▶ **Work item**:
Word for word, retype the tail of the data below, starting with the line that has "proof (rule AE_I2)" and including the last line.

*** Opening Material for this exercise ***

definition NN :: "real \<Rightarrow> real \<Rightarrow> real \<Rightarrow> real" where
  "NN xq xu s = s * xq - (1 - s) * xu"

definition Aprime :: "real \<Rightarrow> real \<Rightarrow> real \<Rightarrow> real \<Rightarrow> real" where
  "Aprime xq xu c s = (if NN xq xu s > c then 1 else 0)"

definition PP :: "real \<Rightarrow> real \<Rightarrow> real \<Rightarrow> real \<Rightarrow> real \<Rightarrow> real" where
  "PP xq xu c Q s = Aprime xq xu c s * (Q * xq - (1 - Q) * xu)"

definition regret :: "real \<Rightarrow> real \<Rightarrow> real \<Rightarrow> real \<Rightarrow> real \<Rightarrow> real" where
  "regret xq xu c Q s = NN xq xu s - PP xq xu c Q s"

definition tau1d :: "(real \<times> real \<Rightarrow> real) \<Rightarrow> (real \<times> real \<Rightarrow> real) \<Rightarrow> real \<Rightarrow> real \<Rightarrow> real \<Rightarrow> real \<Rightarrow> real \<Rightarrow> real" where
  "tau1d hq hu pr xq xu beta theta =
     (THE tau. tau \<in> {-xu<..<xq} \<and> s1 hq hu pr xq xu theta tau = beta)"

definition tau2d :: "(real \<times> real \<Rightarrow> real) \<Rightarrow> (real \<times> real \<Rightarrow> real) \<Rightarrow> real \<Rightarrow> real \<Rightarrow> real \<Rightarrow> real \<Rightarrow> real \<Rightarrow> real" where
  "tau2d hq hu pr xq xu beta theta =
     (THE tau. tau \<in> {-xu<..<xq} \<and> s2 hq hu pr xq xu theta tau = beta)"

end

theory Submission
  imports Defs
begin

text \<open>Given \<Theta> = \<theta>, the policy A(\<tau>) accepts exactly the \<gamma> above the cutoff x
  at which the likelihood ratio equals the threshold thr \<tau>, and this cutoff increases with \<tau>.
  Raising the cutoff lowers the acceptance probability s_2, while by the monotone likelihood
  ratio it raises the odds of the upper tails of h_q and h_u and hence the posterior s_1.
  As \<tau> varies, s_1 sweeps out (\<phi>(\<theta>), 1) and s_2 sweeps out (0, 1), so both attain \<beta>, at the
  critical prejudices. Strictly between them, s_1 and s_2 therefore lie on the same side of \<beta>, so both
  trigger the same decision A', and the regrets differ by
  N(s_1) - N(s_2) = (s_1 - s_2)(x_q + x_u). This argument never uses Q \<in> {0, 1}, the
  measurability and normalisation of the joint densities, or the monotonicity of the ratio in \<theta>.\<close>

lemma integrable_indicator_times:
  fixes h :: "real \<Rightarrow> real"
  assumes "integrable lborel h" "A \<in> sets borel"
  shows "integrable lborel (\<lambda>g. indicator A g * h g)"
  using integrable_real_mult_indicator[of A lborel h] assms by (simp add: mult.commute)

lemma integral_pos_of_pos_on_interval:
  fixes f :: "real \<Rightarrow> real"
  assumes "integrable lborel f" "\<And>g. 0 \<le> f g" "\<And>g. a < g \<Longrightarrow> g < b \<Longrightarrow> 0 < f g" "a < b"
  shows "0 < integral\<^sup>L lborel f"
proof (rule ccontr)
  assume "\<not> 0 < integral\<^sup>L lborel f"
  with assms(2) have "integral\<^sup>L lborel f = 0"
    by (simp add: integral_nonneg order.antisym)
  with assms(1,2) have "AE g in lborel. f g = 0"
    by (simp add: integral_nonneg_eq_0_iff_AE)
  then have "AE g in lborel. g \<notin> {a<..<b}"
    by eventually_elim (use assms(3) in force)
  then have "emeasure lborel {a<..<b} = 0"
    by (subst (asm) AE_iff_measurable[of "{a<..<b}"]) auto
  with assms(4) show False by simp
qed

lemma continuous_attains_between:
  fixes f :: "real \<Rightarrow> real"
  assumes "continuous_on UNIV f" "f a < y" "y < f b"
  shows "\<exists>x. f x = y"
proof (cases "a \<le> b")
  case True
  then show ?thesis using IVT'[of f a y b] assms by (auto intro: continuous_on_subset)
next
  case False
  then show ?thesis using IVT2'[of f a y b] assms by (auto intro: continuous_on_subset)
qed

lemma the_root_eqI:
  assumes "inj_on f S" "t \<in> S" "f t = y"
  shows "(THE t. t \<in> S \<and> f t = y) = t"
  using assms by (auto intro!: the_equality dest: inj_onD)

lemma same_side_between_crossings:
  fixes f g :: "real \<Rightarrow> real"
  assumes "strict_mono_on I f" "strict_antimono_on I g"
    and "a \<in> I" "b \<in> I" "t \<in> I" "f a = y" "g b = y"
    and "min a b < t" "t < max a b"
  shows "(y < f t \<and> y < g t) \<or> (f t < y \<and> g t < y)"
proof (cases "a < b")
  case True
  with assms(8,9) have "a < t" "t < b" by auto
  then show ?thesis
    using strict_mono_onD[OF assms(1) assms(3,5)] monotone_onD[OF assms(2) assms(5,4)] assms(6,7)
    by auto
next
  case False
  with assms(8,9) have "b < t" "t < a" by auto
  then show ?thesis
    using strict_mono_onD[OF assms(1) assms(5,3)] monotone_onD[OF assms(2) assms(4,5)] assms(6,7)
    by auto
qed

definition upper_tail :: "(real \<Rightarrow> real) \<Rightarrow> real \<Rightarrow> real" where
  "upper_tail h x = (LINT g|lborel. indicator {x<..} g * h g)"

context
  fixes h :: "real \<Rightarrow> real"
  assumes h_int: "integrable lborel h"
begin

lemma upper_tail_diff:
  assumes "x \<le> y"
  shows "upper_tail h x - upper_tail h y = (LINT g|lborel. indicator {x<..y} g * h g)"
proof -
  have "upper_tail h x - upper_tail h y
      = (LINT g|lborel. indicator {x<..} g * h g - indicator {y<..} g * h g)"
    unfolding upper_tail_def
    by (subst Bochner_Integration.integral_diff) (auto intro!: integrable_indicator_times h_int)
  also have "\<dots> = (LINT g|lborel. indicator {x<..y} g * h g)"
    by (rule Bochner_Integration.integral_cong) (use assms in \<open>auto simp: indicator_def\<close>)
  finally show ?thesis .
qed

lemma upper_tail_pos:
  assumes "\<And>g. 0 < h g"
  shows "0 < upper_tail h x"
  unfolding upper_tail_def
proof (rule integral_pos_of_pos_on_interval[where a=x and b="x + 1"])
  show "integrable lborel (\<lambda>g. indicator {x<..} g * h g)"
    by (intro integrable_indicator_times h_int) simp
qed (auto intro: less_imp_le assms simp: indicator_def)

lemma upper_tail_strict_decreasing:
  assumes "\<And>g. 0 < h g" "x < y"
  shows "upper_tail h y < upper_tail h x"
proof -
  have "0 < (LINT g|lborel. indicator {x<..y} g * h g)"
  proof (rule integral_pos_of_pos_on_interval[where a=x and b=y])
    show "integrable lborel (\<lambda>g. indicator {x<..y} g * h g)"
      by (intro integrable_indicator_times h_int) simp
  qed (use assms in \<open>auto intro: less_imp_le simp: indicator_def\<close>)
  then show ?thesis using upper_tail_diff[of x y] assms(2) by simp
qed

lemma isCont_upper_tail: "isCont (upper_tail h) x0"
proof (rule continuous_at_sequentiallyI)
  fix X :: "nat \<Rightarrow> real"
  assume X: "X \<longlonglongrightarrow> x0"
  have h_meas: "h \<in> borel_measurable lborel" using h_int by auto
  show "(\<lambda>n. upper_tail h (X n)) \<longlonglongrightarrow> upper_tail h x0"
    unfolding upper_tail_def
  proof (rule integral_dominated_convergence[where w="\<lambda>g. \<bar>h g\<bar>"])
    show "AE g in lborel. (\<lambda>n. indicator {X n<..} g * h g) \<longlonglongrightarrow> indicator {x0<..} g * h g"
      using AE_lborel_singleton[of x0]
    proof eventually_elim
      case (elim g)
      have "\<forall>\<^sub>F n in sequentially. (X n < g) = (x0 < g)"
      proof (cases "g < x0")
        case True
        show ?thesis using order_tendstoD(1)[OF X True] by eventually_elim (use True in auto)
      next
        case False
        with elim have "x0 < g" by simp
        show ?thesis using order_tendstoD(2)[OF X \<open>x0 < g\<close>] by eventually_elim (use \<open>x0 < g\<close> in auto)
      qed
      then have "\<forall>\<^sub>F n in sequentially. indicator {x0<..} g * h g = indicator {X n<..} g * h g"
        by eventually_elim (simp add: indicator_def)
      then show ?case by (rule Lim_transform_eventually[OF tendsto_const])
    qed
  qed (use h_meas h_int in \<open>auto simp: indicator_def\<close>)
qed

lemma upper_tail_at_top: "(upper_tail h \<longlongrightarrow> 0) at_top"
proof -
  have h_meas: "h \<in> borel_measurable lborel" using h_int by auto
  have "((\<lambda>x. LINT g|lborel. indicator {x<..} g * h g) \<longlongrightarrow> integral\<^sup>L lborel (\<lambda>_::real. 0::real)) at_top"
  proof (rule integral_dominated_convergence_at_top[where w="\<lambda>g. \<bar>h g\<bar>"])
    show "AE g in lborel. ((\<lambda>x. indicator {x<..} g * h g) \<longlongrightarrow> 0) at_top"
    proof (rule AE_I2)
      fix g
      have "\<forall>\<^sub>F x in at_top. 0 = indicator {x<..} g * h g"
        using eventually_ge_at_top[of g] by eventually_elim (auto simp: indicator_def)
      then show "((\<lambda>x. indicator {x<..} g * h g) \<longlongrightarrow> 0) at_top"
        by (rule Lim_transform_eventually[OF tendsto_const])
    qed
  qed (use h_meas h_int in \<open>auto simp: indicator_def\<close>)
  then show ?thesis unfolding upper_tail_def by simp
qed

*** Closing Material for this exercise ***

▶ **Task answer**:
    proof (rule AE_I2)
      fix g
      have "\<forall>\<^sub>F x in at_top. 0 = indicator {x<..} g * h g"
        using eventually_ge_at_top[of g] by eventually_elim (auto simp: indicator_def)
      then show "((\<lambda>x. indicator {x<..} g * h g) \<longlongrightarrow> 0) at_top"
        by (rule Lim_transform_eventually[OF tendsto_const])
    qed
  qed (use h_meas h_int in \<open>auto simp: indicator_def\<close>)
  then show ?thesis unfolding upper_tail_def by simp
qed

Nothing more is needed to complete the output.